Records contained in a dataset:

++++++++

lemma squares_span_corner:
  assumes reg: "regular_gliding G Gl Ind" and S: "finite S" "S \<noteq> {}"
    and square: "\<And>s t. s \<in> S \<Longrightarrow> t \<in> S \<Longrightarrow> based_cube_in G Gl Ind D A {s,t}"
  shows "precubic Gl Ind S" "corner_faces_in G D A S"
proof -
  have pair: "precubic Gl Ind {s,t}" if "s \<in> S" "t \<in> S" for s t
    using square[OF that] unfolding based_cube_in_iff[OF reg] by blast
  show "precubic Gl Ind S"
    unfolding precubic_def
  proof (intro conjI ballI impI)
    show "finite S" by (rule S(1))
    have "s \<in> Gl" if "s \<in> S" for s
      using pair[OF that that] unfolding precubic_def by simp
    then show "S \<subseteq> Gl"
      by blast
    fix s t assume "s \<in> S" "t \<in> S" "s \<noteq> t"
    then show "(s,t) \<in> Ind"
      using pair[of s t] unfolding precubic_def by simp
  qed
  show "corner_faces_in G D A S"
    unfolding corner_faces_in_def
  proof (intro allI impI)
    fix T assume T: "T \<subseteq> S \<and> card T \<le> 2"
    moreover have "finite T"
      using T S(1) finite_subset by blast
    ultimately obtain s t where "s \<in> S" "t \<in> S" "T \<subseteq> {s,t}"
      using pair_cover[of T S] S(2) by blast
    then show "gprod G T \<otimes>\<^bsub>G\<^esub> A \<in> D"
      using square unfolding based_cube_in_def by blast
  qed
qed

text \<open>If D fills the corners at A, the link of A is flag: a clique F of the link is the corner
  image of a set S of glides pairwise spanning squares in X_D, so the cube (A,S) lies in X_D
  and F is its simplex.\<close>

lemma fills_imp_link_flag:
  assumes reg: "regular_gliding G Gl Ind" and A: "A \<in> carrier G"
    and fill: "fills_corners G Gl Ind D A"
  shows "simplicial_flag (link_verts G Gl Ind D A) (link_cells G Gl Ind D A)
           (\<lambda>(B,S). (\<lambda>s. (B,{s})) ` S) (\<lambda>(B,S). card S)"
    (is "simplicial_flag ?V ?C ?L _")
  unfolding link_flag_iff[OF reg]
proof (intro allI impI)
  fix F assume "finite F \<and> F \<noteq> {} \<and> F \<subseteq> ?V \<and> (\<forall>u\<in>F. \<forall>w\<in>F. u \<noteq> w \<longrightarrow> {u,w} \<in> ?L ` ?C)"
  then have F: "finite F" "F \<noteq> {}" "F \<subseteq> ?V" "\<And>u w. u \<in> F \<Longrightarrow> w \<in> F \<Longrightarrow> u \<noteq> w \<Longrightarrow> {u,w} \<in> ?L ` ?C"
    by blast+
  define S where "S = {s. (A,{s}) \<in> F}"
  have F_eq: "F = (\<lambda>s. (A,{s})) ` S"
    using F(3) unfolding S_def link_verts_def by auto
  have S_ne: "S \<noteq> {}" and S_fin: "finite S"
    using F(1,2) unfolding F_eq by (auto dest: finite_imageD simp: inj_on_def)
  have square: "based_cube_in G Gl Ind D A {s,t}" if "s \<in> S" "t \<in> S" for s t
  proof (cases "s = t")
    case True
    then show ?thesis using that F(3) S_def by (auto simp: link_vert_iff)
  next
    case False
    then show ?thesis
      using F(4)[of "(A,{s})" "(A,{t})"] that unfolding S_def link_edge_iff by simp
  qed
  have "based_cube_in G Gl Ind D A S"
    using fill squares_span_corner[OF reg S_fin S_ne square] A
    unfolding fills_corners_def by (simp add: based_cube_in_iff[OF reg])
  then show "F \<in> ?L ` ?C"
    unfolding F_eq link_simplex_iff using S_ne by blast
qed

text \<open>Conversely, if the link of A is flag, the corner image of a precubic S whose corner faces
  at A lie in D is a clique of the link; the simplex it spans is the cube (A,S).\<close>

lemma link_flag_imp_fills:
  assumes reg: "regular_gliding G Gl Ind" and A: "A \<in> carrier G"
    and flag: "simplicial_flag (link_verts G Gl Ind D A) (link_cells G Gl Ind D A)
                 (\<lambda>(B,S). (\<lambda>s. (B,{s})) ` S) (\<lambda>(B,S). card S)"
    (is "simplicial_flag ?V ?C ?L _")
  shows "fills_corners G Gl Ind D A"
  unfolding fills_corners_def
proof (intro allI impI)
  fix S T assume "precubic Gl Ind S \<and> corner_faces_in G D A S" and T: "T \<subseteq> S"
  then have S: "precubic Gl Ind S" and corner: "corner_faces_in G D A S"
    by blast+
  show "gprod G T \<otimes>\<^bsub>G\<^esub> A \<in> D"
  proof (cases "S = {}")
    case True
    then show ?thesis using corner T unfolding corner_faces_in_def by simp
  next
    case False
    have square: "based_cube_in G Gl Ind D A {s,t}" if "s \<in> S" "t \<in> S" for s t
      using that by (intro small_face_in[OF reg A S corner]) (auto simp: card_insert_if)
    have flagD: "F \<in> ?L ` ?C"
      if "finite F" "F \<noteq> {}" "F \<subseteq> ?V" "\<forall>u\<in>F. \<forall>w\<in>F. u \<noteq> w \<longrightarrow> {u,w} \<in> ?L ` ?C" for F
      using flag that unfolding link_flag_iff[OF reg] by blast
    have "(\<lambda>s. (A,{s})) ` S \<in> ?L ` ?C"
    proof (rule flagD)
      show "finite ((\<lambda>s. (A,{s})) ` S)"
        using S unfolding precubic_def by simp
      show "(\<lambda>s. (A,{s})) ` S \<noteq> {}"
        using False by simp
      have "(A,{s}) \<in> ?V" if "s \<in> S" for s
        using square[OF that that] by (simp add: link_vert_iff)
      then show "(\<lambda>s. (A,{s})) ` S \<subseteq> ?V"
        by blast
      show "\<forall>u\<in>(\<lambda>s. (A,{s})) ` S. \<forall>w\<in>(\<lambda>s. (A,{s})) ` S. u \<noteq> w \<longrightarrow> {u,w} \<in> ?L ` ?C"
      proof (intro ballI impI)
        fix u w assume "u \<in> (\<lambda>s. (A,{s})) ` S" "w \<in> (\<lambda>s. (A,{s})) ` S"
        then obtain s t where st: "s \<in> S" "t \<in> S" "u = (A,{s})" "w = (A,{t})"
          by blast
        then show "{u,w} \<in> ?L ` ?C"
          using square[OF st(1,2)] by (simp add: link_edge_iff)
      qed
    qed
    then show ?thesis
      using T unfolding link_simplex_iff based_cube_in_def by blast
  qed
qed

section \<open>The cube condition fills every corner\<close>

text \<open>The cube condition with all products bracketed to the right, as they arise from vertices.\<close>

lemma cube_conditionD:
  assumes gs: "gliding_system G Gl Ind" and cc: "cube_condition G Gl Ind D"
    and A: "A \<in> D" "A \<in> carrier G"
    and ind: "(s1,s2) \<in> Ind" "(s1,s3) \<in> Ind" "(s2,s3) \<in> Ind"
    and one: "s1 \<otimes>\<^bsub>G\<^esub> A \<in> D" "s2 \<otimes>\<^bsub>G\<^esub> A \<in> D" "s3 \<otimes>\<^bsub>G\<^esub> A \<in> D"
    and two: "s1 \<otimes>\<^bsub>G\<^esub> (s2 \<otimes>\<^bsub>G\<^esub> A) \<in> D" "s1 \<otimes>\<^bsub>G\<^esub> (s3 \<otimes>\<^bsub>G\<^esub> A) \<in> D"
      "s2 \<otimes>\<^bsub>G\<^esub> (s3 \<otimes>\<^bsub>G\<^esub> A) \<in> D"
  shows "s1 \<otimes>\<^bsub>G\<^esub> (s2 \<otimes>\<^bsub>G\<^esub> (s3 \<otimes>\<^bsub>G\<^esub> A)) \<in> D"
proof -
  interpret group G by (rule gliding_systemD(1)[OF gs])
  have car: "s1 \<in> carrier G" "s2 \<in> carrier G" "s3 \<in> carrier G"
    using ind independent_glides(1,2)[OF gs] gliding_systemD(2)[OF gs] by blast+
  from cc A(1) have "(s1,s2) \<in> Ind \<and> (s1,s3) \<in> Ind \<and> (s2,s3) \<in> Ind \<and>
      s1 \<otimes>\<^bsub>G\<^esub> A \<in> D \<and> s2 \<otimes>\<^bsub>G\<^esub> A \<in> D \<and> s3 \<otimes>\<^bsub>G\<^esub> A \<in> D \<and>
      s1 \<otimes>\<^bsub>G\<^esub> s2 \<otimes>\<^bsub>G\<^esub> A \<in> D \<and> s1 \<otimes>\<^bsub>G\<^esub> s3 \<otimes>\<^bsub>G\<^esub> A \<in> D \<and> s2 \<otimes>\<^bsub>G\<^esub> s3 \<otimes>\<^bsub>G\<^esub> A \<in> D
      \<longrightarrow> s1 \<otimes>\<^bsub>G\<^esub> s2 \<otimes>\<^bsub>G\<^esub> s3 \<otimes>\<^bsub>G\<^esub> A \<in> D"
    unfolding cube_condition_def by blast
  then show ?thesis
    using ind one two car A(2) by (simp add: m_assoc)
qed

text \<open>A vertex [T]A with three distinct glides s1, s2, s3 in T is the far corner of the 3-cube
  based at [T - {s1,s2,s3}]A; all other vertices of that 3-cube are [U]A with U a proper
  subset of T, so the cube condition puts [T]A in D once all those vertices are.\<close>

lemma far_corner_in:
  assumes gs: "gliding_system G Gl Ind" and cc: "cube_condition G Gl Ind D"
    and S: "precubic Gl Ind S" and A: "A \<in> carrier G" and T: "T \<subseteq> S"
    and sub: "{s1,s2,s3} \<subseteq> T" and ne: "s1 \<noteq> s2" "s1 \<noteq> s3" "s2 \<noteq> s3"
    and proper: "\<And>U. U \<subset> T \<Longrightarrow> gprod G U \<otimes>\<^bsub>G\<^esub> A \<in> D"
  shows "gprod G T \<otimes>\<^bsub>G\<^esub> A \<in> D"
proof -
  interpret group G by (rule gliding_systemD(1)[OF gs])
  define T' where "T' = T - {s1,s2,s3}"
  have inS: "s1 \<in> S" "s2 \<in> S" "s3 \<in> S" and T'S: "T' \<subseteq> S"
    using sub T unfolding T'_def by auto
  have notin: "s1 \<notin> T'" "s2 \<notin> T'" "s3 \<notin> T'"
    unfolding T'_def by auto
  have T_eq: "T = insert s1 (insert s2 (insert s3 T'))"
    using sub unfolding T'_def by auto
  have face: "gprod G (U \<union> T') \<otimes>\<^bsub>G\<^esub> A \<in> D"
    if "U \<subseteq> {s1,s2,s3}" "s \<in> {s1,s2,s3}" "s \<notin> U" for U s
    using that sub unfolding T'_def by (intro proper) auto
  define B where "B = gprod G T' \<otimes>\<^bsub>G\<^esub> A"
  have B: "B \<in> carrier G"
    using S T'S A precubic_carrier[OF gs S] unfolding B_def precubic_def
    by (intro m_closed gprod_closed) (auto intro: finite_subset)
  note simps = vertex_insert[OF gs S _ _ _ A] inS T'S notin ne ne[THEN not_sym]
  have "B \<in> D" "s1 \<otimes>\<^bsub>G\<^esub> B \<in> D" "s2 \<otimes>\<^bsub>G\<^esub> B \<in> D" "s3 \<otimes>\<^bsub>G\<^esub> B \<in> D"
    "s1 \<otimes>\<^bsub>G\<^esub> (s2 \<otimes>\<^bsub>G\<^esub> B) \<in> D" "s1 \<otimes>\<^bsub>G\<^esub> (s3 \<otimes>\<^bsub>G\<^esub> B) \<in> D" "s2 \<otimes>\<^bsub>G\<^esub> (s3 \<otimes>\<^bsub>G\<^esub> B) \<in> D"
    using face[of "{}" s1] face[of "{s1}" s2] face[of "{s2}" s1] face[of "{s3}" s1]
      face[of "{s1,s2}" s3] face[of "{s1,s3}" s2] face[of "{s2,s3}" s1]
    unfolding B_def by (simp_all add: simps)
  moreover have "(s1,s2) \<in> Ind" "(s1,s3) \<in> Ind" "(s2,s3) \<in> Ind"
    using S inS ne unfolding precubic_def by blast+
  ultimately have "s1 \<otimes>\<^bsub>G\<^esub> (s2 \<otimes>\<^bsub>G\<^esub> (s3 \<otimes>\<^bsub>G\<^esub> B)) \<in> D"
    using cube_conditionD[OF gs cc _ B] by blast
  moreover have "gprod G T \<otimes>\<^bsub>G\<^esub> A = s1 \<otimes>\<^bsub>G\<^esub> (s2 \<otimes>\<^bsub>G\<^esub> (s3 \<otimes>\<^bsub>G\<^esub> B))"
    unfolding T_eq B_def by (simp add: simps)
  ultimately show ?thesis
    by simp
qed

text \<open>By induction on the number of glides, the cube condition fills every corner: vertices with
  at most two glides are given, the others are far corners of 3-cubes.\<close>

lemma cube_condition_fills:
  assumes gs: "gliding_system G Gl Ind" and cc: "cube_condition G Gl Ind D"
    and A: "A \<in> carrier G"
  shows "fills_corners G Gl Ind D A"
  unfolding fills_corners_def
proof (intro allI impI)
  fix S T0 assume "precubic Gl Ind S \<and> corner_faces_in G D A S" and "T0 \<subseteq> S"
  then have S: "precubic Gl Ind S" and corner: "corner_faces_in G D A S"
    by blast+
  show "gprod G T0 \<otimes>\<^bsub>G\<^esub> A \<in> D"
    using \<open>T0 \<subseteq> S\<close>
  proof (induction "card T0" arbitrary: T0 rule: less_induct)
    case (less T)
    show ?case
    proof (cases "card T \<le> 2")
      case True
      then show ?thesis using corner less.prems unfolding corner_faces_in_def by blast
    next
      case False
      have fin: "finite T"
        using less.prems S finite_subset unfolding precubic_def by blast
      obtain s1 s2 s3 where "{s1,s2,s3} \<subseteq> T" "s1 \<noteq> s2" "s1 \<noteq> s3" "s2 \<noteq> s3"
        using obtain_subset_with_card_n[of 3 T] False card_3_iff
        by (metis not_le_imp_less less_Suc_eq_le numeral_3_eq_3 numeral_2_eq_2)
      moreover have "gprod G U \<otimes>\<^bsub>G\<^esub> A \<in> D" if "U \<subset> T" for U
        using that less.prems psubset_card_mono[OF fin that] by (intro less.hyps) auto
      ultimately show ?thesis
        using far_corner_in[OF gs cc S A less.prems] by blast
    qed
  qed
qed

++++++++

Description of the task: Retype exactly the line with "G T0 \<otimes>\<^bsub>G\<^esub>" and each line after it until the records end, and include no other line.

Answer to the problem:
  show "gprod G T0 \<otimes>\<^bsub>G\<^esub> A \<in> D"
    using \<open>T0 \<subseteq> S\<close>
  proof (induction "card T0" arbitrary: T0 rule: less_induct)
    case (less T)
    show ?case
    proof (cases "card T \<le> 2")
      case True
      then show ?thesis using corner less.prems unfolding corner_faces_in_def by blast
    next
      case False
      have fin: "finite T"
        using less.prems S finite_subset unfolding precubic_def by blast
      obtain s1 s2 s3 where "{s1,s2,s3} \<subseteq> T" "s1 \<noteq> s2" "s1 \<noteq> s3" "s2 \<noteq> s3"
        using obtain_subset_with_card_n[of 3 T] False card_3_iff
        by (metis not_le_imp_less less_Suc_eq_le numeral_3_eq_3 numeral_2_eq_2)
      moreover have "gprod G U \<otimes>\<^bsub>G\<^esub> A \<in> D" if "U \<subset> T" for U
        using that less.prems psubset_card_mono[OF fin that] by (intro less.hyps) auto
      ultimately show ?thesis
        using far_corner_in[OF gs cc S A less.prems] by blast
    qed
  qed
qed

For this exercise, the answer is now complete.